Grand jury won’t indict woman accused of threatening Trump



A federal grand jury has declined to indict a woman accused of threatening President Trump, the second surprising Washington, D.C., grand jury decision in as many weeks.

Nathalie Rose Jones, 50, was arrested on Aug. 16 in the nation’s capital and accused of making death threats against Trump on social media.

She posted her threats on a Facebook account, which was first noticed by Secret Service agents in early August, according to the feds. She allegedly wrote, “I am willing to sacrificially kill this POTUS by disemboweling him and cutting out his trachea.”

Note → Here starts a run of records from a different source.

lemma loc_proj_nondeg_snd:
  assumes fm: "firm scB" and lpl: "loc_proj_left scA scB s" and lpr: "loc_proj_right scA scB t"
    and fin: "finite I"
    and H: "\<forall>\<beta> c. bal \<beta> \<longrightarrow> (\<Sum>i\<in>I. wt i * \<beta> (a i) (b i * c)) = 0" and bal: "bal \<beta>"
  shows "(\<Sum>i\<in>I. wt i * \<beta> (a i) (b i)) = 0"
proof -
  obtain n :: nat and u m
    where um: "\<forall>k<n. clin scA scB (u k) \<and> (\<forall>x a. u k (t x a) = u k a * x) \<and> right_hom (m k)"
      and rb: "\<forall>x\<in>b ` I. (\<Sum>k<n. m k (u k x)) = x"
    using loc_proj_right_basis[OF lpr finite_imageI[OF fin]] by blast
  obtain n' :: nat and u' m'
    where um': "\<forall>j<n'. clin scA scB (u' j) \<and> (\<forall>x a. u' j (s x a) = x * u' j a) \<and> left_hom (m' j)"
      and ra: "\<forall>x\<in>a ` I. (\<Sum>j<n'. m' j (u' j x)) = x"
    using loc_proj_left_basis[OF lpl finite_imageI[OF fin]] by blast
  define \<alpha> where "\<alpha> j = (\<Sum>p\<in>I. scA (wt p) (t (u' j (a p)) (b p)))" for j
  have \<alpha>: "\<alpha> j = 0" if "j < n'" for j
    unfolding \<alpha>_def using left_coordinate_coefficient_vanishes[OF H] um' that by blast
  have b: "bil \<beta>" using bal unfolding bal_def by blast
  have "(\<Sum>p\<in>I. wt p * \<beta> (a p) (b p)) = (\<Sum>p\<in>I. wt p * \<beta> (\<Sum>j<n'. m' j (u' j (a p))) (b p))"
    using ra by simp
  also have "\<dots> = (\<Sum>p\<in>I. \<Sum>j<n'. \<Sum>k<n. wt p * firm_eval \<beta> (m k) (m' j) (u k (t (u' j (a p)) (b p))))"
    using firm_eval_expand_snd[OF fm bal _ um] um' rb
    by (simp add: bil_sum_left_plain[OF b] sum_distrib_left)
  also have "\<dots> = (\<Sum>j<n'. \<Sum>p\<in>I. \<Sum>k<n. wt p * firm_eval \<beta> (m k) (m' j) (u k (t (u' j (a p)) (b p))))"
    by (rule sum.swap)
  also have "\<dots> = (\<Sum>j<n'. \<Sum>k<n. \<Sum>p\<in>I. wt p * firm_eval \<beta> (m k) (m' j) (u k (t (u' j (a p)) (b p))))"
    by (rule sum.cong[OF refl], rule sum.swap)
  also have "\<dots> = (\<Sum>j<n'. \<Sum>k<n. firm_eval \<beta> (m k) (m' j) (u k (\<alpha> j)))"
    unfolding \<alpha>_def
    by (intro sum.cong refl firm_eval_sum_clin[OF fm bal _ _ _ fin, symmetric]) (use um um' in auto)
  also have "\<dots> = 0"
    using \<alpha> um um' by (simp add: clin_zero[OF spaceA spaceB] firm_eval_zero[OF fm bal])
  finally show ?thesis .
qed

lemma balanced_forms_nondeg:
  assumes "(\<forall>F::'a set. finite F \<longrightarrow> (\<exists>e. \<forall>a\<in>F. a * e = a))
       \<or> (\<exists>E. left_sep_mult scB E)
       \<or> (firm scB \<and> loc_proj_left scA scB s \<and> loc_proj_right scA scB t)"
  shows "balanced_forms_nondeg_fst \<and> balanced_forms_nondeg_snd"
  using assms
proof (elim disjE conjE exE)
  assume lu: "\<forall>F::'a set. finite F \<longrightarrow> (\<exists>e. \<forall>a\<in>F. a * e = a)"
  show ?thesis
  proof
    show balanced_forms_nondeg_fst
      by (rule balanced_forms_nondeg_fstI, rule local_units_nondeg_fst[OF lu])
    show balanced_forms_nondeg_snd
      by (rule balanced_forms_nondeg_sndI, rule local_units_nondeg_snd[OF lu])
  qed
next
  fix E assume sep: "left_sep_mult scB E"
  show ?thesis
  proof
    show balanced_forms_nondeg_fst
      by (rule balanced_forms_nondeg_fstI, rule sep_mult_nondeg_fst[OF sep])
    show balanced_forms_nondeg_snd
      by (rule balanced_forms_nondeg_sndI, rule sep_mult_nondeg_snd[OF sep])
  qed
next
  assume proj: "firm scB" "loc_proj_left scA scB s" "loc_proj_right scA scB t"
  show ?thesis
  proof
    show balanced_forms_nondeg_fst
      by (rule balanced_forms_nondeg_fstI, rule loc_proj_nondeg_fst[OF proj])
    show balanced_forms_nondeg_snd
      by (rule balanced_forms_nondeg_sndI, rule loc_proj_nondeg_snd[OF proj])
  qed
qed

end

theorem lemma2p1:
  fixes scA :: "complex \<Rightarrow> 'a::ring \<Rightarrow> 'a"
    and scB :: "complex \<Rightarrow> 'b::ring \<Rightarrow> 'b"
    and s t :: "'b \<Rightarrow> 'a \<Rightarrow> 'a"
  assumes algA: "calg scA" and algB: "calg scB"
    and A_idem: "\<forall>a. a \<in> cspan scA {b * c | b c. True}"
    and A_nondeg: "\<forall>a::'a. (\<forall>b. a * b = 0) \<longrightarrow> a = 0"
    and s_M: "\<forall>x. in_MA scA (s x)"
    and s_hom: "\<forall>x y. s (x + y) = (\<lambda>a. s x a + s y a)"
               "\<forall>c x. s (scB c x) = (\<lambda>a. scA c (s x a))"
               "\<forall>x y. s (x * y) = s x \<circ> s y"
    and t_M: "\<forall>x. in_MA scA (t x)"
    and t_antihom: "\<forall>x y. t (x + y) = (\<lambda>a. t x a + t y a)"
               "\<forall>c x. t (scB c x) = (\<lambda>a. scA c (t x a))"
               "\<forall>x y. t (x * y) = t y \<circ> t x"
    and commute: "\<forall>x y. s x \<circ> t y = t y \<circ> s x"
    and s_faithful: "inj s" and t_faithful: "inj t"
    and s_idem: "\<forall>a. a \<in> cspan scA {s x b | x b. True}"
    and t_idem: "\<forall>a. a \<in> cspan scA {t x b | x b. True}"
    and cases:
      "(\<forall>F::'a set. finite F \<longrightarrow> (\<exists>e. \<forall>a\<in>F. a * e = a))
       \<or> (\<exists>E. left_sep_mult scB E)
       \<or> (firm scB \<and> loc_proj_left scA scB s \<and> loc_proj_right scA scB t)"
  shows "(\<forall>w. fsupp w \<longrightarrow>
            (\<forall>c. fmap (\<lambda>p. (fst p * c, snd p)) w \<in> balA_ker scA s t) \<longrightarrow>
            w \<in> balA_ker scA s t)
       \<and> (\<forall>w. fsupp w \<longrightarrow>
            (\<forall>c. fmap (\<lambda>p. (fst p, snd p * c)) w \<in> balA_ker scA s t) \<longrightarrow>
            w \<in> balA_ker scA s t)"
proof -
  interpret balanced_tensor_setting scA scB s t
    unfolding balanced_tensor_setting_def
    using algA algB A_nondeg s_M s_hom t_M t_antihom s_idem t_idem by blast
  have "balanced_forms_nondeg_fst \<and> balanced_forms_nondeg_snd"
    using cases by (rule balanced_forms_nondeg)
  then show ?thesis using ker_nondeg_fst ker_nondeg_snd by blast
qed

end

D.C. U.S. Attorney and former Fox News host Jeanine Pirro called it “one of the most serious crimes and one that will be met with swift and unwavering prosecution.”

But the grand jury didn’t see it that way and declined to provide an indictment against Jones, according to her lawyer, public defender Mary Manning Petras.

“Given that finding, the weight of the evidence is weak,” Petras wrote Monday in a court filing. “The government may intend to try again to obtain an indictment, but the evidence has not changed and no indictment is likely.”

Grand juries rarely ever decline to indict someone, such that legal experts often say “a grand jury will indict a ham sandwich.”

But last week, in another surprising loss for prosecutors, a different D.C. grand jury refused to indict a man accused of throwing a sandwich at a Customs and Border Patrol agent in the nation’s capital.